While the notion of common knowledge has existed for decades and has been applied to fields as varied as philosophy and computer science, studies that focused on the actual psychology of common knowledge have been few and far between, Thomas said.
The chief reason, he said, is that “paying costs to benefit others poses obvious evolutionary puzzles that are not apparent when both people benefit. Because they do not present any evolutionary puzzles, the coordination problems of common knowledge are not nearly as obvious to researchers. The question is, how do we anticipate what our social partners will do, when what they do depends on what they expect us to do? This is a profound social cognition problem. How does one read the mind of a mind reader?”

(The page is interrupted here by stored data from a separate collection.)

(* Let $M$ be a matroid on $E=[n]$ and let $(M_1,\dots,M_d)$ be a $d$-th symmetric quasi power of $M$. The following are equivalent: (i) $\mathrm{rk}(M_d)=\binom{\mathrm{rk}(M)+d-1}{d}$; (ii) for every basis $B$ of $M$, $\mathrm{Sym}_d(B)$ is a basis of $M_d$; (iii) $V(M_d)=B(M)$ as sets; (iv) for every $\omega\in B(M)$, the set $\{x\in\mathrm{Sym}_d(E): x(\omega)>0\}$ is a flat of $M_d$.
   Context: $\mathbb{T}=\mathbb{R}\cup\{\infty\}$. $\mathrm{Sym}_d(E)$: multisets of size $d$ from $E$, written multiplicatively ($\alpha\beta$ = multiset union), $\mathrm{Sym}_0(E)=\{1\}$; identified with degree-$d$ monomials in $x_1,\dots,x_n$. For $\alpha\in\mathrm{Sym}_{d-i}(E)$ and a matroid $N$ on $\mathrm{Sym}_d(E)$, $N|_\alpha$ is the restriction to $\{\alpha\beta:\beta\in\mathrm{Sym}_i(E)\}$. A $d$-th symmetric quasi power of $M$ is a sequence $(M_1,\dots,M_d)$ of matroids, $M_1=M$, $M_i$ on $\mathrm{Sym}_i(E)$, such that for every $1\le i\le d$ and $\alpha\in\mathrm{Sym}_{d-i}(E)$: if no element of $\alpha$ is a loop of $M$, $\beta\mapsto\alpha\beta$ is an isomorphism $M_i\cong M_d|_\alpha$; otherwise $\mathrm{rk}(M_d|_\alpha)=0$. For $x\in\mathrm{Sym}_d(E)$ and $\omega\in\mathbb{T}^n$, $x(\omega)=\sum_{j\in x}\omega_j$ (with multiplicity; $\infty$ if some term is $\infty$). For $C\subseteq\mathrm{Sym}_d(E)$, $V(p_C)$ is the set of $\omega\in\mathbb{T}^n$ such that $\min_{x\in C}x(\omega)$ is attained at least twice or equals $\infty$. The variety of $M_d$ is $V(M_d)=\bigcap_{C\text{ circuit of }M_d}V(p_C)\subseteq\mathbb{T}^n$, and the Bergman fan of $M$ is $B(M)=V(M_1)=\bigcap_{C\text{ circuit of }M}V(p_C)$. *)

theory Defs
  imports Main "HOL-Library.Multiset" "HOL-Library.Extended_Real"
begin

type_synonym 'a matroid = "'a set \<times> ('a set \<Rightarrow> bool)"

definition ground :: "'a matroid \<Rightarrow> 'a set" where "ground M = fst M"
definition indep :: "'a matroid \<Rightarrow> 'a set \<Rightarrow> bool" where "indep M X = snd M X"

definition is_matroid :: "'a matroid \<Rightarrow> bool" where
  "is_matroid M \<longleftrightarrow>
     finite (ground M) \<and>
     (\<forall>X. indep M X \<longrightarrow> X \<subseteq> ground M) \<and>
     indep M {} \<and>
     (\<forall>X Y. indep M X \<and> Y \<subseteq> X \<longrightarrow> indep M Y) \<and>
     (\<forall>X Y. indep M X \<and> indep M Y \<and> card X < card Y \<longrightarrow>
        (\<exists>e\<in>Y - X. indep M (insert e X)))"

definition rank_of :: "'a matroid \<Rightarrow> 'a set \<Rightarrow> nat" where
  "rank_of M X = Max (card ` {Y. Y \<subseteq> X \<and> indep M Y})"

definition rk :: "'a matroid \<Rightarrow> nat" where
  "rk M = rank_of M (ground M)"

definition basis :: "'a matroid \<Rightarrow> 'a set \<Rightarrow> bool" where
  "basis M B \<longleftrightarrow> indep M B \<and> (\<forall>Y. indep M Y \<and> B \<subseteq> Y \<longrightarrow> Y = B)"

definition circuit :: "'a matroid \<Rightarrow> 'a set \<Rightarrow> bool" where
  "circuit M C \<longleftrightarrow> C \<subseteq> ground M \<and> \<not> indep M C \<and> (\<forall>e\<in>C. indep M (C - {e}))"

definition flat :: "'a matroid \<Rightarrow> 'a set \<Rightarrow> bool" where
  "flat M F \<longleftrightarrow> F \<subseteq> ground M \<and>
     (\<forall>e \<in> ground M - F. rank_of M (insert e F) > rank_of M F)"

definition loop :: "'a matroid \<Rightarrow> 'a \<Rightarrow> bool" where
  "loop M e \<longleftrightarrow> e \<in> ground M \<and> \<not> indep M {e}"

definition restr :: "'a matroid \<Rightarrow> 'a set \<Rightarrow> 'a matroid" where
  "restr M A = (A, \<lambda>X. X \<subseteq> A \<and> indep M X)"

definition matroid_iso :: "('a \<Rightarrow> 'b) \<Rightarrow> 'a matroid \<Rightarrow> 'b matroid \<Rightarrow> bool" where
  "matroid_iso f M N \<longleftrightarrow> bij_betw f (ground M) (ground N) \<and>
     (\<forall>X. X \<subseteq> ground M \<longrightarrow> (indep M X \<longleftrightarrow> indep N (f ` X)))"

text \<open>\<open>Sym d E\<close>: multisets of size d with elements from E (degree-d monomials).\<close>
definition Sym :: "nat \<Rightarrow> 'a set \<Rightarrow> 'a multiset set" where
  "Sym d E = {x. set_mset x \<subseteq> E \<and> size x = d}"

text \<open>Ground set E = [n] = {1..n}. \<open>Ms i\<close> is M_i for 1 \<le> i \<le> d.\<close>
definition sym_quasi_power ::
    "nat \<Rightarrow> nat matroid \<Rightarrow> nat \<Rightarrow> (nat \<Rightarrow> nat multiset matroid) \<Rightarrow> bool" where
  "sym_quasi_power n M d Ms \<longleftrightarrow>
     1 \<le> d \<and>
     (\<forall>i\<in>{1..d}. is_matroid (Ms i) \<and> ground (Ms i) = Sym i {1..n}) \<and>
     (\<forall>Y. Y \<subseteq> {1..n} \<longrightarrow> (indep (Ms 1) ((\<lambda>e. {#e#}) ` Y) \<longleftrightarrow> indep M Y)) \<and>
     (\<forall>i\<in>{1..d}. \<forall>\<alpha>\<in>Sym (d - i) {1..n}.
        (if (\<forall>e\<in>#\<alpha>. \<not> loop M e)
         then matroid_iso (\<lambda>\<beta>. \<alpha> + \<beta>) (Ms i)
                (restr (Ms d) ((\<lambda>\<beta>. \<alpha> + \<beta>) ` Sym i {1..n}))
         else rk (restr (Ms d) ((\<lambda>\<beta>. \<alpha> + \<beta>) ` Sym i {1..n})) = 0))"

text \<open>\<open>\<T>^n\<close> with \<open>\<T> = \<real> \<union> {\<infinity>}\<close>: vectors indexed by 1..n with values in ereal
  other than -\<infinity>; coordinates outside 1..n are normalized to 0.\<close>
definition tropn :: "nat \<Rightarrow> (nat \<Rightarrow> ereal) set" where
  "tropn n = {\<omega>. (\<forall>i\<in>{1..n}. \<omega> i \<noteq> -\<infinity>) \<and> (\<forall>i. i \<notin> {1..n} \<longrightarrow> \<omega> i = 0)}"

definition mon_eval :: "nat multiset \<Rightarrow> (nat \<Rightarrow> ereal) \<Rightarrow> ereal" where
  "mon_eval x \<omega> = sum_mset (image_mset \<omega> x)"

definition Vp :: "nat \<Rightarrow> ('a \<Rightarrow> (nat \<Rightarrow> ereal) \<Rightarrow> ereal) \<Rightarrow> 'a set \<Rightarrow> (nat \<Rightarrow> ereal) set" where
  "Vp n ev C = {\<omega>\<in>tropn n.
     (let m = Min ((\<lambda>x. ev x \<omega>) ` C) in
       m = \<infinity> \<or> (\<exists>x\<in>C. \<exists>y\<in>C. x \<noteq> y \<and> ev x \<omega> = m \<and> ev y \<omega> = m))}"

definition tropV :: "nat \<Rightarrow> ('a \<Rightarrow> (nat \<Rightarrow> ereal) \<Rightarrow> ereal) \<Rightarrow> 'a matroid \<Rightarrow> (nat \<Rightarrow> ereal) set" where
  "tropV n ev N = tropn n \<inter> (\<Inter>C\<in>{C. circuit N C}. Vp n ev C)"

definition variety :: "nat \<Rightarrow> nat multiset matroid \<Rightarrow> (nat \<Rightarrow> ereal) set" where
  "variety n N = tropV n mon_eval N"

definition bergman_fan :: "nat \<Rightarrow> nat matroid \<Rightarrow> (nat \<Rightarrow> ereal) set" where
  "bergman_fan n M = tropV n (\<lambda>j \<omega>. \<omega> j) M"

end

theory Submission
  imports Defs
begin

text \<open>
  For every basis \<open>B\<close> of \<open>M\<close> the monomials \<open>Sym d B\<close> span \<open>M\<^sub>d\<close>, because the quasi
  power contains a copy \<open>\<alpha> + E\<close> of \<open>M\<close> for every loopfree \<open>\<alpha>\<close>; as
  \<open>|Sym d B| = (rk M + d - 1 choose d)\<close>, this gives (i) \<open>\<longleftrightarrow>\<close> (ii).

  Lifting circuits of \<open>M\<close> to these copies shows \<open>V(M\<^sub>d) \<subseteq> B(M)\<close> in general. Under (ii), for
  \<open>\<omega> \<in> B(M)\<close> every loopfree monomial lies in an independent set of \<open>M\<^sub>d\<close> that spans
  each monomial by monomials of larger weight (assembled from \<open>\<omega>\<close>-maximal bases of \<open>M\<close>),
  so it is never the unique \<open>\<omega>\<close>-minimum of a circuit. Conversely, a point of \<open>B(M)\<close>
  with weights \<open>(d + 1)\<^sup>j\<close> on an enumeration of \<open>B\<close> separates the monomials of
  \<open>Sym d B\<close>, so no circuit of \<open>M\<^sub>d\<close> lies in \<open>Sym d B\<close> if \<open>B(M) \<subseteq> V(M\<^sub>d)\<close>.

  Finally, a circuit violating the tropical condition at its unique minimum \<open>x\<close> becomes,
  after shifting \<open>\<omega>\<close> by a constant, a circuit leaving the set \<open>{x(\<omega>) > 0}\<close> only at \<open>x\<close>,
  which is impossible for a flat; and \<open>{x(\<omega>) > 0}\<close> is a flat whenever \<open>\<omega> \<in> V(M\<^sub>d)\<close>.
\<close>

section \<open>Matroids\<close>

locale matroid =
  fixes N :: "'a matroid"
  assumes is_matroid: "is_matroid N"
begin

lemma finite_ground: "finite (ground N)"
  using is_matroid unfolding is_matroid_def by blast

lemma indep_subset_ground: "indep N X \<Longrightarrow> X \<subseteq> ground N"
  using is_matroid unfolding is_matroid_def by blast

lemma indep_empty: "indep N {}"
  using is_matroid unfolding is_matroid_def by blast

lemma indep_subset: "indep N X \<Longrightarrow> Y \<subseteq> X \<Longrightarrow> indep N Y"
  using is_matroid unfolding is_matroid_def by blast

To examine the psychological roots of coordination and how different levels of knowledge affect it, Thomas and his colleagues recruited participants to play an online game.

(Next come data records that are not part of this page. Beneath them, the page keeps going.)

lemma derangements_insert_decompose:
  assumes N: "N \<notin> B" and p: "p \<in> derangements (insert N B)"
  shows "p N \<in> B" and "transpose (p N) N \<circ> p \<in> derangements B \<union> derangements (B - {p N})"
proof -
  have pA: "p permutes insert N B" and p_moves: "\<And>x. x \<in> insert N B \<Longrightarrow> p x \<noteq> x"
    using p by (auto simp: derangements_def)
  show a: "p N \<in> B"
    using permutes_in_image[OF pA, of N] p_moves[of N] by auto
  define q where "q = transpose (p N) N \<circ> p"
  have "q permutes insert N B"
    unfolding q_def using a by (intro permutes_compose[OF pA] permutes_swap_id) auto
  moreover have "q N = N" by (simp add: q_def)
  ultimately have qB: "q permutes B"
    by (metis permutes_superset Diff_iff insertE)
  have "q x \<noteq> x" if "x \<in> B" "x \<noteq> p N" for x
  proof -
    have "p x \<noteq> p N" using permutes_inj[OF pA] that N by (metis injD)
    then show ?thesis
      using that p_moves[of x] by (auto simp: q_def transpose_def)
  qed
  moreover have "q permutes B - {p N}" if "q (p N) = p N"
    using that by (intro permutes_superset[OF qB]) auto
  ultimately show "q \<in> derangements B \<union> derangements (B - {p N})"
    using qB by (auto simp: derangements_def)
qed
text \<open>Rounding the survival values up by at least \<open>1/M\<close> leaves a margin that persists on an
  open neighbourhood of \<open>p\<close>.\<close>

lemma rat_grid_measure_above:
  assumes "a < b" "p \<in> Delta a b" "openin (weak_top a b) U" "p \<in> U"
  obtains ws W where "rat_grid_measure a b ws \<in> U" "openin (weak_top a b) W" "p \<in> W"
    "\<And>q. q \<in> W \<Longrightarrow> fosd (rat_grid_measure a b ws) q"
proof -
  obtain H and e :: real where H: "finite H" "\<And>h. h \<in> H \<Longrightarrow> bounded_continuous h" "e > 0"
    and ball: "weak_ball a b p H e \<subseteq> U"
    using weak_ball_subset_openin[OF assms(3,4)] by blast
  obtain N M :: nat where N: "N > 0" and M: "M > 0"
    and near: "\<And>th T. 0 \<le> th \<Longrightarrow> th \<le> 3/2 * ((b - a) / N) \<Longrightarrow> survival_sequence N T \<Longrightarrow>
       (\<And>i. i \<in> {1..N} \<Longrightarrow> \<bar>T i - integral\<^sup>L p (survival_ramp a b N th i)\<bar> \<le> 2 / M) \<Longrightarrow>
       grid_measure a b N (\<lambda>i. T i - T (Suc i)) \<in> weak_ball a b p H e"
    using grid_measures_in_weak_ball[OF assms(1,2) H] by blast
  define th where "th = 3/2 * ((b - a) / N)"
  define S where "S i = integral\<^sup>L p (survival_ramp a b N th i)" for i
  define T where "T = truncated N (\<lambda>i. round_above M (S i))"
  have S: "0 \<le> S i" "S i \<le> 1" "S (Suc i) \<le> S i" for i
    unfolding S_def using integral_survival_ramp[OF assms(2)] assms(1) N by auto
  have T: "survival_sequence N T"
    unfolding T_def using S round_above_bounds[OF M] round_above_mono
    by (intro survival_sequence_truncated) auto
  obtain ws where ws: "rat_grid_measure a b ws = grid_measure a b N (\<lambda>i. T i - T (Suc i))"
    using rat_grid_measure_of_survival_sequence[OF T] round_above_Rats
    by (metis T_def truncated_def Rats_0 Rats_1)
  have "grid_measure a b N (\<lambda>i. T i - T (Suc i)) \<in> weak_ball a b p H e"
  proof (rule near[OF _ _ T])
    show "0 \<le> th" "th \<le> 3/2 * ((b - a) / N)" using assms(1) by (simp_all add: th_def)
    fix i assume "i \<in> {1..N}"
    then show "\<bar>T i - integral\<^sup>L p (survival_ramp a b N th i)\<bar> \<le> 2 / M"
      using round_above_bounds(3)[OF M S(2)] by (simp add: T_def truncated_def S_def)
  qed
  then have "rat_grid_measure a b ws \<in> U" using ws ball by auto
  define W where
    "W = {q \<in> Delta a b. \<forall>i\<in>{1..N}. integral\<^sup>L q (survival_ramp a b N th i) \<in> {..< S i + 1 / M}}"
  have "openin (weak_top a b) W"
    unfolding W_def by (intro openin_weak_top_finite bounded_continuous_survival_ramp) auto
  moreover have "p \<in> W"
    using assms(2) M by (simp add: W_def S_def)
  moreover have "fosd (rat_grid_measure a b ws) q" if "q \<in> W" for q
    unfolding ws
  proof (rule fosd_grid_measure_above[OF assms(1) N _ T])
    show "q \<in> Delta a b" using that by (simp add: W_def)
    fix i assume "i \<in> {1..N}"
    then show "integral\<^sup>L q (survival_ramp a b N (3/2 * ((b - a) / N)) i) \<le> T i"
      using that integral_survival_ramp(2)[of q a b N th i] round_above_bounds(4)[OF M]
      by (auto simp: W_def T_def truncated_def th_def)
  qed
  ultimately show thesis by (rule that[OF \<open>rat_grid_measure a b ws \<in> U\<close>])
qed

The participants were paired off, with each assuming the role of either butcher or baker working in a market. As the game began, each was offered a choice: Try to work together for mutual benefit — butchers making hot dogs and bakers making buns — or work on their own for a lesser, but certain profit.

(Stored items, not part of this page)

definition assocH_inv ::
  "int \<Rightarrow> int \<Rightarrow> (('a::finite \<Rightarrow> 'k::field) \<Rightarrow> ('a \<Rightarrow> 'k)) \<Rightarrow> (('c::finite \<Rightarrow> 'k) \<Rightarrow> ('c \<Rightarrow> 'k))
   \<Rightarrow> ('a \<times> ('b::finite \<times> 'c) \<Rightarrow> 'k) \<Rightarrow> (('a \<times> 'b) \<times> 'c \<Rightarrow> 'k)"
where
  "assocH_inv i j \<alpha>X \<alpha>Z =
     tapp (\<lambda>x yz. tapp (\<lambda>y z. tensor (tensor (zpow \<alpha>X (- i - 1) x) y) (zpow \<alpha>Z (j + 1) z)) yz)"

end

theory Submission
  imports Defs
begin

text \<open>Evaluate both sides on a pure tensor \<open>(u \<otimes> v) \<otimes> w\<close>.  Transported along the
  associator, \<open>id \<otimes> \<xi>\<^sub>V\<^sub>,\<^sub>W\<close> replaces \<open>v\<close> by \<open>\<alpha>\<^sub>V\<^sup>-\<^sup>1(v) \<cdot> \<alpha>\<^sub>H\<^sup>m(w\<^sub>(\<^sub>1\<^sub>))\<close>, the powers of
  \<open>\<alpha>\<^sub>U\<close> contributed by \<open>a\<close> and \<open>a\<^sup>-\<^sup>1\<close> cancelling.  Applying \<open>\<xi>\<^sub>U\<^sub>,\<^sub>V\<close> afterwards needs
  the coaction of \<open>V\<close> on this product, and the Long condition
  \<open>\<rho>(x \<cdot> h) = x\<^sub>(\<^sub>0\<^sub>) \<cdot> \<alpha>\<^sub>H(h) \<otimes> \<alpha>\<^sub>H(x\<^sub>(\<^sub>1\<^sub>))\<close> pushes the action through it.  Both
  sides then become the same double sum over the coactions of \<open>V\<close> and \<open>W\<close>, taken in
  opposite orders.\<close>

lemma sum_fun_apply: "finite A \<Longrightarrow> (sum g A) x = (\<Sum>a\<in>A. g a x)"
  by (induction A rule: finite_induct) auto

lemma lin_add: "lin f \<Longrightarrow> f (x + y) = f x + f y"
  by (simp add: lin_def)

lemma lin_sc: "lin f \<Longrightarrow> f (sc c x) = sc c (f x)"
  by (simp add: lin_def)

lemma sc_zero_left: "sc 0 x = 0"
  by (simp add: sc_def fun_eq_iff)

lemma lin_zero: "lin f \<Longrightarrow> f 0 = 0"
  using lin_sc[of f 0 0] by (simp add: sc_zero_left)

lemma lin_sum:
  assumes "lin f" "finite A"
  shows "f (sum g A) = (\<Sum>a\<in>A. f (g a))"
  using assms(2)
proof (induction A rule: finite_induct)
  case empty
  show ?case by (simp only: sum.empty lin_zero[OF assms(1)])
next
  case (insert a A)
  then show ?case by (simp only: sum.insert[OF insert(1,2)] lin_add[OF assms(1)])
qed

lemma lin_id: "lin (\<lambda>x. x)" "lin id"
  by (auto simp: lin_def)

lemma lin_comp: "lin f \<Longrightarrow> lin g \<Longrightarrow> lin (\<lambda>x. f (g x))"
  by (simp add: lin_def)

lemma lin_funpow: "lin (f :: ('i \<Rightarrow> 'k::field) \<Rightarrow> ('i \<Rightarrow> 'k)) \<Longrightarrow> lin (f ^^ n)"
  by (induction n) (simp_all add: lin_id lin_comp comp_def)

lemma lin_inv:
  assumes "lin f" "bij f"
  shows "lin (inv f)"
  unfolding lin_def
proof (intro conjI allI)
  have f_inv: "f (inv f z) = z" for z
    using assms(2) by (simp add: bij_is_surj surj_f_inv_f)
  have inj: "inj f"
    using assms(2) by (rule bij_is_inj)
  show "inv f (x + y) = inv f x + inv f y" for x y
    using inj by (rule injD) (simp add: f_inv lin_add[OF assms(1)])
  show "inv f (sc c x) = sc c (inv f x)" for c x
    using inj by (rule injD) (simp add: f_inv lin_sc[OF assms(1)])
qed

lemma lin_zpow: "lin f \<Longrightarrow> bij f \<Longrightarrow> lin (zpow f n)"
  by (simp add: zpow_def lin_funpow lin_inv)

lemma zpow_neg_cancel:
  assumes "bij f"
  shows "zpow f (- n) (zpow f n x) = x"
proof (cases n "0::int" rule: linorder_cases)
  case less
  then show ?thesis
    using fn_o_inv_fn_is_id[OF assms, of "nat (- n)"] by (simp add: zpow_def fun_eq_iff)
next
  case greater
  then show ?thesis
    using inv_fn_o_fn_is_id[OF assms, of "nat n"] by (simp add: zpow_def fun_eq_iff)
qed (simp add: zpow_def)

lemma lin_tensor_left: "lin (\<lambda>x. tensor x y)"
  by (auto simp: lin_def tensor_def sc_def fun_eq_iff distrib_right mult.assoc)

lemma lin_tensor_right: "lin (tensor x)"
  by (auto simp: lin_def tensor_def sc_def fun_eq_iff distrib_left mult.left_commute)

To test how knowledge levels might affect whether participants would work together, researchers created four levels of knowledge for how participants could earn more by working together.
The first level, called private knowledge, involved telling one player that he could earn more by working with his partner, but leaving him in the dark about what his partner’s knows. At the second level, called secondary knowledge, one player knows conditions are good, and knows his partner knows that as well. In the third, one player knows, knows his partner knows, and knows his partner knows that he knows. To create common knowledge, this information was broadcast over a loudspeaker.
“Each player then makes a decision,” Thomas explained. “They can decide to work alone or work together, and we paid them accordingly.”
As predicted, these levels of knowledge dramatically affected how people played the game.
“What we found was that, for private knowledge, even if we varied the payouts, or the number of people involved, only about 15 percent of people cooperated,” Thomas said. “With shared knowledge, we saw about 50 percent, and with common knowledge, it was 85 percent. It was just a whopping effect. That indicated to us that we are very sensitive to this previously unappreciated mental state. Our minds evolved to understand this important kind of social structure, and how different kinds of knowledge can impact it.”
The effects of common knowledge, however, are hardly limited to the type of economic games described in the study.
“You can see evidence of these coordination problems everywhere,” Thomas said. “We’ve done work on euphemism and indirect speech, where everyone understands the subtext of what’s being said, though it isn’t explicit. You can also see aspects of it when people talk about taboos or political correctness. When something is taboo, that’s a common-knowledge issue because even though everyone may think it, you can’t say it. There’s even evidence that self-conscious emotions, like guilt or pride or shame, are sensitive to common knowledge, and that certain emotional signals like blushing or crying are built around the idea.”